China's LineShine tops TOP500 supercomputer ranking
TECH

China's LineShine tops TOP500 supercomputer ranking

21+
Signals

Strategic Overview

  • 01.
    China's LineShine debuted at No. 1 on the 67th TOP500 list (June 2026), hitting 2.198 exaflops on the High Performance Linpack benchmark and displacing the US El Capitan system.
  • 02.
    It is the first system in TOP500 history to exceed two exaflops of sustained double-precision performance using CPUs only, with no GPUs.
  • 03.
    The debut marks the first time since 2017 that a Chinese system has led the TOP500.
  • 04.
    LineShine is built entirely on domestic hardware and software at the National Supercomputing Centre in Shenzhen: 13.79 million cores across 304-core LX2 processors, the proprietary LingQi interconnect, and the Kylin operating system.

Deep Analysis

The Exascale Machine That Doesn't Have a Single GPU

Every other machine at the top of the supercomputing world leans on graphics chips — the same kind of Nvidia and AMD accelerators that power AI training. LineShine doesn't. It reaches 2.198 exaflops, meaning roughly 2.2 quintillion calculations per second, using 13.79 million conventional CPU cores spread across custom 304-core LX2 processors clocked at 1.55 GHz [1]. That makes it the first system in TOP500 history to sustain more than two exaflops of double-precision performance on CPUs alone [1].

The headline number undersells where the real engineering lives. Wiring nearly 14 million cores together so they behave as one machine is a networking problem more than a chip problem, and LineShine's proprietary LingQi interconnect is what keeps the whole array fed with data. The payoff shows up in efficiency: the system sustained about 80% of its 2.736-exaflop theoretical peak [1], a ratio GPU-accelerated machines rarely reach because their accelerators stall waiting on memory. Among the high-performance-computing researchers reacting to the result, the loudest thread wasn't the raw speed — it was whether a homogeneous, GPU-free CPU machine can keep winning at this scale, reopening a question the field thought GPUs had settled: is heterogeneity still the only road to the top?

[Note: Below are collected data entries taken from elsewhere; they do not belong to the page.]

(* There exists an upwards-oriented translating soliton in $\mathbb{H}^2\times\mathbb{R}$ which is rotationally symmetric about a vertical axis and is an entire vertical graph over $\mathbb{H}^2$.
   Context: $\mathbb{H}^2\times\mathbb{R}$ carries the product metric $\langle\cdot,\cdot\rangle$ of the hyperbolic plane of curvature $-1$ and the real line; $\partial_z$ is the unit vertical vector field. An oriented immersed surface $M$ with unit normal $\eta$ and mean curvature $H_M$ (half the trace of the second fundamental form with respect to $\eta$) is a translating soliton if $H_M=\langle\eta,\partial_z\rangle$ at every point. Upwards-oriented means $\langle\eta,\partial_z\rangle>0$ on the graph. A vertical axis is a line $\{o\}\times\mathbb{R}$, $o\in\mathbb{H}^2$, and rotations about it are the isometries $(x,z)\mapsto(\rho(x),z)$ with $\rho$ a hyperbolic rotation fixing $o$. *)

theory Defs
  imports "HOL-Analysis.Analysis"
begin

text \<open>H^2 is the unit disk in the complex plane with
  the conformal metric lam(z)^2 |dz|^2, lam(z) = 2/(1-|z|^2) (curvature -1).
  H^2 x R is the product; a vertical graph is z = u(x), u : H^2 \<Rightarrow> R.\<close>

definition hdisk :: "complex set" where
  "hdisk = ball 0 1"

definition lam :: "complex \<Rightarrow> real" where
  "lam z = 2 / (1 - (cmod z)\<^sup>2)"

definition egrad :: "(complex \<Rightarrow> real) \<Rightarrow> complex \<Rightarrow> complex" where
  "egrad u z = Complex (frechet_derivative u (at z) 1) (frechet_derivative u (at z) \<i>)"

definition ediv :: "(complex \<Rightarrow> complex) \<Rightarrow> complex \<Rightarrow> real" where
  "ediv X z = Re (frechet_derivative X (at z) 1) + Im (frechet_derivative X (at z) \<i>)"

text \<open>Riemannian gradient, squared norm and divergence for the hyperbolic metric
  g = lam^2 delta in these coordinates.\<close>
definition hgrad :: "(complex \<Rightarrow> real) \<Rightarrow> complex \<Rightarrow> complex" where
  "hgrad u z = (1 / (lam z)\<^sup>2) *\<^sub>R egrad u z"

definition hnormsq :: "complex \<Rightarrow> complex \<Rightarrow> real" where
  "hnormsq z v = (lam z)\<^sup>2 * (cmod v)\<^sup>2"

definition hdiv :: "(complex \<Rightarrow> complex) \<Rightarrow> complex \<Rightarrow> real" where
  "hdiv X z = (1 / (lam z)\<^sup>2) * ediv (\<lambda>w. (lam w)\<^sup>2 *\<^sub>R X w) z"

text \<open>For the graph of u, W = sqrt(1+|grad u|^2); the upward unit normal is
  eta = (-grad u + d/dz)/W, so <eta, d/dz> = 1/W, and the mean curvature
  (half the trace of the second fundamental form w.r.t. eta) is
  (1/2) div (grad u / W).\<close>
definition Wg :: "(complex \<Rightarrow> real) \<Rightarrow> complex \<Rightarrow> real" where
  "Wg u z = sqrt (1 + hnormsq z (hgrad u z))"

definition graph_unit_field :: "(complex \<Rightarrow> real) \<Rightarrow> complex \<Rightarrow> complex" where
  "graph_unit_field u w = (1 / Wg u w) *\<^sub>R hgrad u w"

definition graph_mean_curv :: "(complex \<Rightarrow> real) \<Rightarrow> complex \<Rightarrow> real" where
  "graph_mean_curv u z = (1/2) * hdiv (graph_unit_field u) z"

By The Numbers: A Commanding Lead at the Top

By The Numbers: A Commanding Lead at the Top
LineShine leads the June 2026 TOP500 by about 20% over the fastest US system, El Capitan, on the High Performance Linpack benchmark.

On the High Performance Linpack benchmark that defines the TOP500, LineShine's 2.198 exaflops sits roughly 20% ahead of the United States' El Capitan at Lawrence Livermore, which now holds second place at 1.809 exaflops [1][4]. The rest of the top five — Frontier, Aurora, and Europe's JUPITER Booster — are American and European GPU systems clustered between 1.0 and 1.35 exaflops, so LineShine doesn't merely lead, it resets the ceiling [1]. Its debut also lifted the number of systems sustaining more than one exaflop on Linpack from four to five [1].

The machine draws about 42.2 megawatts to do it [1]— roughly the electricity of a small town — a reminder that leadership at this tier is now as much an energy-and-infrastructure feat as a silicon one.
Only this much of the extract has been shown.